------ Supplied records ------

lemma conf_defect_product:
  assumes "r permutes {..<n}" "q permutes {..<n}" "a \<in> fixvecs one n r" "b \<in> fixvecs one n q"
    "is_deconf one N n r a d" "is_deconf one N n q b d'" "cycle_decomp n r cs"
    "z \<in> fixvecs one n (r \<circ> q)"
  shows "conf one N n (r \<circ> q) (cmul (cmul d d') (Ftw one dual N n cs q)) z
    = counit ((cycle_rel q \<union> cycle_rel r)\<^sup>*)
        (cmul (ptensor (label_at_min (cycle_rel r) a))
          (cmul (ptensor (label_at_min (cycle_rel q) b))
            (cmul (ptensor (dual_at_min (cycle_rel (r \<circ> q)) z))
              (ptensor (omega_weight (cycle_rel (r \<circ> q)) (twist_pairs (transp_list cs) q))))))"
proof -
  let ?p = "r \<circ> q" and ?E = "twist_pairs (transp_list cs) q"
  let ?R = "(cycle_rel q \<union> cycle_rel r)\<^sup>*"
  let ?A = "ptensor (label_at_min (cycle_rel r) a)"
      and ?B = "ptensor (label_at_min (cycle_rel q) b)"
  let ?Z =
      "cmul (ptensor (dual_at_min (cycle_rel ?p) z)) (ptensor (omega_weight (cycle_rel ?p) ?E))"
  have pp: "?p permutes {..<n}" by (rule permutes_compose[OF assms(2,1)])
  have P: "layer_partition (cycle_rel ?p)" by (rule layer_partition_cycle_rel[OF pp])
  have E: "proper_pairs ?E"
    by (rule proper_pairs_subset[OF proper_pairs_transp_list[OF assms(1,7)] set_twist_pairs_subset])
  have J: "joins (cycle_rel ?p) ?E = ?R" by (rule joins_twist_pairs[OF assms(1,2,7)])
  have PR: "layer_partition ?R" using layer_partition_joins[OF P E] J by simp
  have D: "conf one N n r d = basis a" "supported d" "conf one N n q d' = basis b" "supported d'"
    using is_deconfD[OF assms(1,5)] is_deconfD[OF assms(2,6)] by auto
  have "conf one N n ?p (cmul (cmul d d') (Ftw one dual N n cs q)) z
      = counit (cycle_rel ?p)
          (cmul (cmul (cmul d d') (ptensor (dual_at_min (cycle_rel ?p) z))) (Omega_prod ?E))"
    by (simp add: conf_eq_counit[OF pp assms(8)] Ftw_def Fcalc_eq_Omega_prod mulC_assoc
        mulC_commute[of "Omega_prod _"])
  also have "\<dots> = counit ?R (cmul (cmul (cmul d d') (ptensor (dual_at_min (cycle_rel ?p) z)))
      (ptensor (omega_weight (cycle_rel ?p) ?E)))"
    unfolding J[symmetric] by (rule counit_mulC_Omega_prod[OF P E])
  also have "\<dots> = counit ?R (cmul d (cmul d' ?Z))" by (simp add: mulC_assoc)
  also have "\<dots> = counit ?R (cmul ?A (cmul d' ?Z))"
    by (rule counit_mulC_deconf[OF assms(1) PR _ D(2,1) assms(3)]) auto
  also have "\<dots> = counit ?R (cmul d' (cmul ?A ?Z))"
    by (rule arg_cong[where f="counit ?R"], rule mulC_left_commute)
  also have "\<dots> = counit ?R (cmul ?B (cmul ?A ?Z))"
    by (rule counit_mulC_deconf[OF assms(2) PR _ D(4,3) assms(4)]) auto
  finally show ?thesis by (simp only: mulC_left_commute[of ?B ?A])
qed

------

* Task prompt *
What is needed is an exact copy of all the entries.

* Answer *
lemma conf_defect_product:
  assumes "r permutes {..<n}" "q permutes {..<n}" "a \<in> fixvecs one n r" "b \<in> fixvecs one n q"
    "is_deconf one N n r a d" "is_deconf one N n q b d'" "cycle_decomp n r cs"
    "z \<in> fixvecs one n (r \<circ> q)"
  shows "conf one N n (r \<circ> q) (cmul (cmul d d') (Ftw one dual N n cs q)) z
    = counit ((cycle_rel q \<union> cycle_rel r)\<^sup>*)
        (cmul (ptensor (label_at_min (cycle_rel r) a))
          (cmul (ptensor (label_at_min (cycle_rel q) b))
            (cmul (ptensor (dual_at_min (cycle_rel (r \<circ> q)) z))
              (ptensor (omega_weight (cycle_rel (r \<circ> q)) (twist_pairs (transp_list cs) q))))))"
proof -
  let ?p = "r \<circ> q" and ?E = "twist_pairs (transp_list cs) q"
  let ?R = "(cycle_rel q \<union> cycle_rel r)\<^sup>*"
  let ?A = "ptensor (label_at_min (cycle_rel r) a)"
      and ?B = "ptensor (label_at_min (cycle_rel q) b)"
  let ?Z =
      "cmul (ptensor (dual_at_min (cycle_rel ?p) z)) (ptensor (omega_weight (cycle_rel ?p) ?E))"
  have pp: "?p permutes {..<n}" by (rule permutes_compose[OF assms(2,1)])
  have P: "layer_partition (cycle_rel ?p)" by (rule layer_partition_cycle_rel[OF pp])
  have E: "proper_pairs ?E"
    by (rule proper_pairs_subset[OF proper_pairs_transp_list[OF assms(1,7)] set_twist_pairs_subset])
  have J: "joins (cycle_rel ?p) ?E = ?R" by (rule joins_twist_pairs[OF assms(1,2,7)])
  have PR: "layer_partition ?R" using layer_partition_joins[OF P E] J by simp
  have D: "conf one N n r d = basis a" "supported d" "conf one N n q d' = basis b" "supported d'"
    using is_deconfD[OF assms(1,5)] is_deconfD[OF assms(2,6)] by auto
  have "conf one N n ?p (cmul (cmul d d') (Ftw one dual N n cs q)) z
      = counit (cycle_rel ?p)
          (cmul (cmul (cmul d d') (ptensor (dual_at_min (cycle_rel ?p) z))) (Omega_prod ?E))"
    by (simp add: conf_eq_counit[OF pp assms(8)] Ftw_def Fcalc_eq_Omega_prod mulC_assoc
        mulC_commute[of "Omega_prod _"])
  also have "\<dots> = counit ?R (cmul (cmul (cmul d d') (ptensor (dual_at_min (cycle_rel ?p) z)))
      (ptensor (omega_weight (cycle_rel ?p) ?E)))"
    unfolding J[symmetric] by (rule counit_mulC_Omega_prod[OF P E])
  also have "\<dots> = counit ?R (cmul d (cmul d' ?Z))" by (simp add: mulC_assoc)
  also have "\<dots> = counit ?R (cmul ?A (cmul d' ?Z))"
    by (rule counit_mulC_deconf[OF assms(1) PR _ D(2,1) assms(3)]) auto
  also have "\<dots> = counit ?R (cmul d' (cmul ?A ?Z))"
    by (rule arg_cong[where f="counit ?R"], rule mulC_left_commute)
  also have "\<dots> = counit ?R (cmul ?B (cmul ?A ?Z))"
    by (rule counit_mulC_deconf[OF assms(2) PR _ D(4,3) assms(4)]) auto
  finally show ?thesis by (simp only: mulC_left_commute[of ?B ?A])
qed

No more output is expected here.